The Chicago Tribune article Ted Glover of Off Tackle Empire quoted above addresses this. In 2006 Delany renegotiated a huge deal with ESPN, but not before BTN was born (it didn't start broadcasting until 2007, but there was no turning back in 2006). Who knows how much money, exactly, BTN is taking away from ESPN, but I can easily see how executives who think themselves God's gift to business would be pissed that they were forced to pay the B1G huge amounts of money and are still missing out on the games BTN airs. ESPN has absolutely no one to blame but themselves, but the fact remains that they look like idiots and B1G made out like a bandit with the BTN/new ESPN contract combination.

onetwentyeight's picture

I still don't understand the motivation behind ESPN "going after" OSU. I know the consensus theory seems to be its "B1G" bias but as this article pointed out, they treated JoePa with kid gloves to say the least. 

And add that to what I've noticed about their coverage of the other B1G teams and the whole B1G network vs ESECPN theory crumbles. Why would the WWL puff up Wisky the first half of the season so badly? (Lest you all forget, wisky was beign touted as the new kings of the B1G, RWilson wasn't a 5th year system qb who washed out at NC state, no, he was a Heisman FRONTRUNER). 
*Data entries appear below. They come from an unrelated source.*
(* Let $(H;\langle\cdot,\cdot\rangle)$ be a real inner product space with norm $\|\cdot\|$, and let $a,b,x,y\in H\setminus\{0\}$. (i) If there exist $\delta_1,\delta_2\in(0,1]$ with $\delta_1+\delta_2\ge 1$ such that $$\frac{\langle x,a\rangle}{\|x\|\,\|a\|}\ge\delta_1,\qquad \frac{\langle y,a\rangle}{\|y\|\,\|a\|}\ge\delta_2,$$ then $$\frac{\langle x,y\rangle}{\|x\|\,\|y\|}\ge \frac12(\delta_1+\delta_2)^2-\frac32\qquad(\ge -1).$$ (ii) If there exists $\mu_1\in\mathbb{R}$ with $0\le\mu_1\le 1$ such that $\mu_1\|a\|\,\|b\|\le \dfrac{\langle x,a\rangle\langle x,b\rangle}{\|x\|^2}$, then $$-1\le 2\mu_1-1\le \frac{\langle a,b\rangle}{\|a\|\,\|b\|}.$$ If there exists $\mu_2\in\mathbb{R}$ with $-1\le\mu_2\le 0$ such that $\dfrac{\langle x,a\rangle\langle x,b\rangle}{\|x\|^2}\le \mu_2\|a\|\,\|b\|$, then $$\frac{\langle a,b\rangle}{\|a\|\,\|b\|}\le 2\mu_2+1\le 1.$$ *)

theory Defs
  imports "HOL-Analysis.Analysis"
begin

end

theory Submission
  imports Defs
begin

text \<open>Normalising, all the cosines become inner products of unit vectors.
  For (i), Cauchy--Schwarz against the unit vector \<open>a\<close> gives
  \<open>\<langle>x + y, a\<rangle>\<^sup>2 \<le> \<parallel>x + y\<parallel>\<^sup>2 = 2 + 2\<langle>x, y\<rangle>\<close>.
  For (ii), the reflection \<open>2\<langle>x, a\<rangle>x - a\<close> of \<open>a\<close> in the line through \<open>x\<close> is again
  a unit vector, and its inner product with \<open>b\<close> is \<open>2\<langle>x, a\<rangle>\<langle>x, b\<rangle> - \<langle>a, b\<rangle>\<close>,
  which Cauchy--Schwarz bounds by \<open>1\<close> in absolute value.
  The argument for (i) gives the sharper constant \<open>-1\<close> in place of \<open>-3/2\<close>.\<close>

lemma inner_sgn_sgn:
  fixes x y :: "'a :: real_inner"
  shows "inner (sgn x) (sgn y) = inner x y / (norm x * norm y)"
  by (simp add: sgn_div_norm divide_inverse inner_scaleR_left inner_scaleR_right mult.commute)

lemma power2_norm_add_units:
  fixes u v :: "'a :: real_inner"
  assumes "norm u = 1" "norm v = 1"
  shows "(norm (u + v))\<^sup>2 = 2 + 2 * inner u v"
proof -
  have "inner u u = 1" "inner v v = 1"
    using assms by (simp_all add: norm_eq_1)
  then show ?thesis
    by (simp add: power2_norm_eq_inner inner_add_left inner_add_right inner_commute)
qed

lemma power2_inner_add_le_unit:
  fixes u v e :: "'a :: real_inner"
  assumes "norm u = 1" "norm v = 1" "norm e = 1"
  shows "(inner u e + inner v e)\<^sup>2 \<le> 2 + 2 * inner u v"
proof -
  have "\<bar>inner (u + v) e\<bar> \<le> norm (u + v)"
    using Cauchy_Schwarz_ineq2[of "u + v" e] assms(3) by simp
  then have "(inner (u + v) e)\<^sup>2 \<le> (norm (u + v))\<^sup>2"
    by (metis abs_le_square_iff abs_norm_cancel)
  then show ?thesis
    using power2_norm_add_units[OF assms(1,2)] by (simp add: inner_add_left)
qed

lemma norm_reflect_line:
  fixes u e :: "'a :: real_inner"
  assumes "norm u = 1"
  shows "norm ((2 * inner u e) *\<^sub>R u - e) = norm e"
proof -
  have "inner u u = 1"
    using assms by (simp add: norm_eq_1)
  then have "inner ((2 * inner u e) *\<^sub>R u - e) ((2 * inner u e) *\<^sub>R u - e) = inner e e"
    by (simp add: inner_diff_left inner_diff_right inner_commute algebra_simps)
  then show ?thesis
    by (simp add: norm_eq_sqrt_inner)
qed

lemma abs_inner_reflect_le_unit:
  fixes u e f :: "'a :: real_inner"
  assumes "norm u = 1"
  shows "\<bar>2 * inner u e * inner u f - inner e f\<bar> \<le> norm e * norm f"
proof -
  have "inner ((2 * inner u e) *\<^sub>R u - e) f = 2 * inner u e * inner u f - inner e f"
    by (simp add: inner_diff_left)
  then show ?thesis
    using Cauchy_Schwarz_ineq2[of "(2 * inner u e) *\<^sub>R u - e" f] norm_reflect_line[OF assms]
    by simp
qed

lemma cosine_ge_power2_cosine_sum:
  fixes x y a :: "'a :: real_inner"
  assumes "x \<noteq> 0" "y \<noteq> 0" "a \<noteq> 0"
  shows "(inner x a / (norm x * norm a) + inner y a / (norm y * norm a))\<^sup>2 / 2 - 1
           \<le> inner x y / (norm x * norm y)"
  using power2_inner_add_le_unit[of "sgn x" "sgn y" "sgn a"] assms
  by (simp add: norm_sgn inner_sgn_sgn)

lemma abs_inner_reflect_le:
  fixes x a b :: "'a :: real_inner"
  shows "\<bar>2 * (inner x a * inner x b / (norm x)\<^sup>2) - inner a b\<bar> \<le> norm a * norm b"
proof (cases "x = 0")
  case True
  then show ?thesis
    using Cauchy_Schwarz_ineq2[of a b] by simp
next
  case False
  have "inner (sgn x) a * inner (sgn x) b = inner x a * inner x b / (norm x)\<^sup>2"
    by (simp add: sgn_div_norm power2_eq_square field_simps)
  then show ?thesis
    using abs_inner_reflect_le_unit[of "sgn x" a b] False by (simp add: norm_sgn mult.assoc)
qed

lemma cosine_ge_of_projection_product_ge:
  fixes x a b :: "'a :: real_inner"
  assumes "a \<noteq> 0" "b \<noteq> 0"
    and \<mu>: "\<mu> * norm a * norm b \<le> inner x a * inner x b / (norm x)\<^sup>2"
  shows "2 * \<mu> - 1 \<le> inner a b / (norm a * norm b)"
proof -
  have "(2 * \<mu> - 1) * (norm a * norm b) = 2 * (\<mu> * norm a * norm b) - norm a * norm b"
    by (simp add: algebra_simps)
  also have "\<dots> \<le> inner a b"
    using \<mu> abs_inner_reflect_le[of x a b] by linarith
  finally show ?thesis
    using assms by (simp add: pos_le_divide_eq)
qed

lemma cosine_le_of_projection_product_le:
  fixes x a b :: "'a :: real_inner"
  assumes "a \<noteq> 0" "b \<noteq> 0"
    and \<mu>: "inner x a * inner x b / (norm x)\<^sup>2 \<le> \<mu> * norm a * norm b"
  shows "inner a b / (norm a * norm b) \<le> 2 * \<mu> + 1"
proof -
  have "inner a b \<le> 2 * (\<mu> * norm a * norm b) + norm a * norm b"
    using \<mu> abs_inner_reflect_le[of x a b] by linarith
  also have "\<dots> = (2 * \<mu> + 1) * (norm a * norm b)"
    by (simp add: algebra_simps)
  finally show ?thesis
    using assms by (simp add: pos_divide_le_eq)
qed

theorem theorem1p5:
  fixes a b x y :: "'a :: real_inner"
  assumes "a \<noteq> 0" and "b \<noteq> 0" and "x \<noteq> 0" and "y \<noteq> 0"
  shows "(\<forall>\<delta>1 \<delta>2 :: real.
            \<delta>1 \<in> {0<..1} \<and> \<delta>2 \<in> {0<..1} \<and> \<delta>1 + \<delta>2 \<ge> 1 \<and>
            inner x a / (norm x * norm a) \<ge> \<delta>1 \<and>
            inner y a / (norm y * norm a) \<ge> \<delta>2 \<longrightarrow>
              inner x y / (norm x * norm y) \<ge> (\<delta>1 + \<delta>2)^2 / 2 - 3/2 \<and>
              (\<delta>1 + \<delta>2)^2 / 2 - 3/2 \<ge> -1)
       \<and> (\<forall>\<mu>1 :: real. 0 \<le> \<mu>1 \<and> \<mu>1 \<le> 1 \<and>
            \<mu>1 * norm a * norm b \<le> inner x a * inner x b / (norm x)^2 \<longrightarrow>
              -1 \<le> 2 * \<mu>1 - 1 \<and> 2 * \<mu>1 - 1 \<le> inner a b / (norm a * norm b))
       \<and> (\<forall>\<mu>2 :: real. -1 \<le> \<mu>2 \<and> \<mu>2 \<le> 0 \<and>
            inner x a * inner x b / (norm x)^2 \<le> \<mu>2 * norm a * norm b \<longrightarrow>
              inner a b / (norm a * norm b) \<le> 2 * \<mu>2 + 1 \<and> 2 * \<mu>2 + 1 \<le> 1)"
proof (intro conjI allI impI)
  fix \<delta>1 \<delta>2 :: real
  assume \<delta>: "\<delta>1 \<in> {0<..1} \<and> \<delta>2 \<in> {0<..1} \<and> \<delta>1 + \<delta>2 \<ge> 1 \<and>
    inner x a / (norm x * norm a) \<ge> \<delta>1 \<and> inner y a / (norm y * norm a) \<ge> \<delta>2"
  then have "(\<delta>1 + \<delta>2)\<^sup>2 \<le> (inner x a / (norm x * norm a) + inner y a / (norm y * norm a))\<^sup>2"
    by (intro power_mono) auto
  then show "inner x y / (norm x * norm y) \<ge> (\<delta>1 + \<delta>2)^2 / 2 - 3/2"
    using cosine_ge_power2_cosine_sum[OF assms(3,4,1)] by linarith
  have "1 \<le> (\<delta>1 + \<delta>2)\<^sup>2"
    using \<delta> one_le_power[of "\<delta>1 + \<delta>2" 2] by simp
  then show "(\<delta>1 + \<delta>2)^2 / 2 - 3/2 \<ge> -1"
    by simp
next
  fix \<mu>1 :: real
  assume "0 \<le> \<mu>1 \<and> \<mu>1 \<le> 1 \<and> \<mu>1 * norm a * norm b \<le> inner x a * inner x b / (norm x)^2"
  then show "-1 \<le> 2 * \<mu>1 - 1" and "2 * \<mu>1 - 1 \<le> inner a b / (norm a * norm b)"
    using cosine_ge_of_projection_product_ge[OF assms(1,2)] by auto
next
  fix \<mu>2 :: real
  assume "-1 \<le> \<mu>2 \<and> \<mu>2 \<le> 0 \<and> inner x a * inner x b / (norm x)^2 \<le> \<mu>2 * norm a * norm b"
  then show "inner a b / (norm a * norm b) \<le> 2 * \<mu>2 + 1" and "2 * \<mu>2 + 1 \<le> 1"
    using cosine_le_of_projection_product_le[OF assms(1,2)] by auto
qed

end
lemma torus_orbit_torus_act:
  assumes t: "t \<in> torus (n - 1)"
  shows "torus_orbit n \<alpha> (torus_act n \<alpha> t z) = torus_orbit n \<alpha> z"
proof
  show "torus_orbit n \<alpha> (torus_act n \<alpha> t z) \<subseteq> torus_orbit n \<alpha> z"
    using t unfolding torus_orbit_def torus_def by (auto simp: torus_act_mult norm_mult)
  show "torus_orbit n \<alpha> z \<subseteq> torus_orbit n \<alpha> (torus_act n \<alpha> t z)"
  proof
    fix y assume "y \<in> torus_orbit n \<alpha> z"
    then obtain s where s: "s \<in> torus (n - 1)" "y = torus_act n \<alpha> s z"
      unfolding torus_orbit_def by auto
    define s' where "s' j = s j / t j" for j
    have "t j \<noteq> 0" for j
      using t unfolding torus_def by (cases "j < n - 1") auto
    then have "y = torus_act n \<alpha> s' (torus_act n \<alpha> t z)"
      using s by (simp add: torus_act_mult s'_def)
    moreover have "s' \<in> torus (n - 1)"
      using s t unfolding s'_def torus_def by (auto simp: norm_divide)
    ultimately show "y \<in> torus_orbit n \<alpha> (torus_act n \<alpha> t z)"
      unfolding torus_orbit_def by auto
  qed
qed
Then observe how ESPN beat the whole "MICHIGAN'S BACK BABY!!!" story line to death after their win over us (ughh) and subsequent bowl "victory". I took a long-distance drive this holiday season and listened to ESPN Radio App on my phone non stop ... and every other commercial was for the upcoming Bowl games, and each time they'd pimp how Michigan was returning to "GLORY" or "Nat'l relevance". 

 

I just don't get why they'd be biased ONLY AGAINST osu but NOT the other B1G teams ... if this was really a case of EsecPN trying to destroy the B1G. I'm not denying everything said by Ramzy in this article about how they've covered us. That's all true. But I think the REASON they decided to go after OSU isn't as simple as "SEC bias" or "Conflict of interest", etc. 

 

Fwiw, my personal take (No real evidence) is that in the aftermath of 2006, the narrative of OSU shifted. This was solidifed by what happened in 2007. For a long time, OSU has been good and nationally prominent/ relevant. When you're good, people will want to hate you. But until 2006, we hadn't given anybody any real reason on the field to criticize us. I think that, to folks in other parts of the country, there was a view that 2006 (and 07) "exposed" OSU as "overrated" and as "frauds" who beat up teams in a crappy conference and couldn't show up to play vs the big boys (the twin USC losses - went to both, still eat at me to this day - only solidified this sort of thinking). The 2006 loss was just so unexpected and so much of a complete BEATDOWN on every single level that it seemingly turned casual fans agianst OSU because they felt they'd been deceived into thinking OSU was good this whole time only to see us get de-pantsed on the biggest stage. (Yes its obviously wrong to draw such conclusions from 1 game, but I'm just pointing out that other fans may think this way). 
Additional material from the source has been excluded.